▶ **Task brief**: Go over the lines below, and when one contains the word "where", copy it.

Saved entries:
-*-

(* Let $N\ge1$, $M\in\mathbb{N}^*$, $p\in[1,\infty)$, and let $(u_k)_{k\ge1}$ be a sequence of nonnegative numbers. Let $\psi\in C^\infty_c(\mathbb{R})$ be a function which is not a polynomial of degree at most $M-1$ and with $\mathrm{supp}(\psi)\subset[-\eta,\eta]$ for some $\eta\ge1$, and set \[f(x_1,\dots,x_N)=\sum_{k\ge1}u_k\,\psi\!\left(\frac{x_1-2(M+\eta)k}{2^{-k}}\right)\cdots\psi\!\left(\frac{x_N-2(M+\eta)k}{2^{-k}}\right).\] Then there is a constant $c>0$ depending only on $N$, $p$, $M$ and $\psi$ such that for every $j\ge1$, \[\sup_{2^{-(j+1)}\le|h|\le2^{-j}}\|\Delta_h^Mf\|_{L^p(\mathbb{R}^N)}\ge c\,u_j\,2^{-jN/p}.\]
   Context: $\Delta_h^Mf(x):=\sum_{j=0}^M(-1)^{M-j}\binom{M}{j}f(x+jh)$ for $x,h\in\mathbb{R}^N$. *)

theory Defs
  imports "HOL-Analysis.Analysis" "HOL-Computational_Algebra.Polynomial"
begin

definition smooth_real :: "(real \<Rightarrow> real) \<Rightarrow> bool" where
  "smooth_real g \<longleftrightarrow> (\<forall>n x. ((deriv ^^ n) g) differentiable (at x))"

definition fdiff :: "nat \<Rightarrow> 'a::real_vector \<Rightarrow> ('a \<Rightarrow> real) \<Rightarrow> 'a \<Rightarrow> real" where
  "fdiff M h f x = (\<Sum>j=0..M. (-1) ^ (M - j) * real (M choose j) * f (x + real j *\<^sub>R h))"

definition Lp_norm :: "real \<Rightarrow> ('a::euclidean_space \<Rightarrow> real) \<Rightarrow> ennreal" where
  "Lp_norm p g = (let I = (\<integral>\<^sup>+ x. ennreal (\<bar>g x\<bar> powr p) \<partial>lebesgue) in
     if I = \<infinity> then \<infinity> else ennreal ((enn2real I) powr (1 / p)))"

-*-

▶ **Exercise result**:
definition smooth_real :: "(real \<Rightarrow> real) \<Rightarrow> bool" where
definition fdiff :: "nat \<Rightarrow> 'a::real_vector \<Rightarrow> ('a \<Rightarrow> real) \<Rightarrow> 'a \<Rightarrow> real" where
definition Lp_norm :: "real \<Rightarrow> ('a::euclidean_space \<Rightarrow> real) \<Rightarrow> ennreal" where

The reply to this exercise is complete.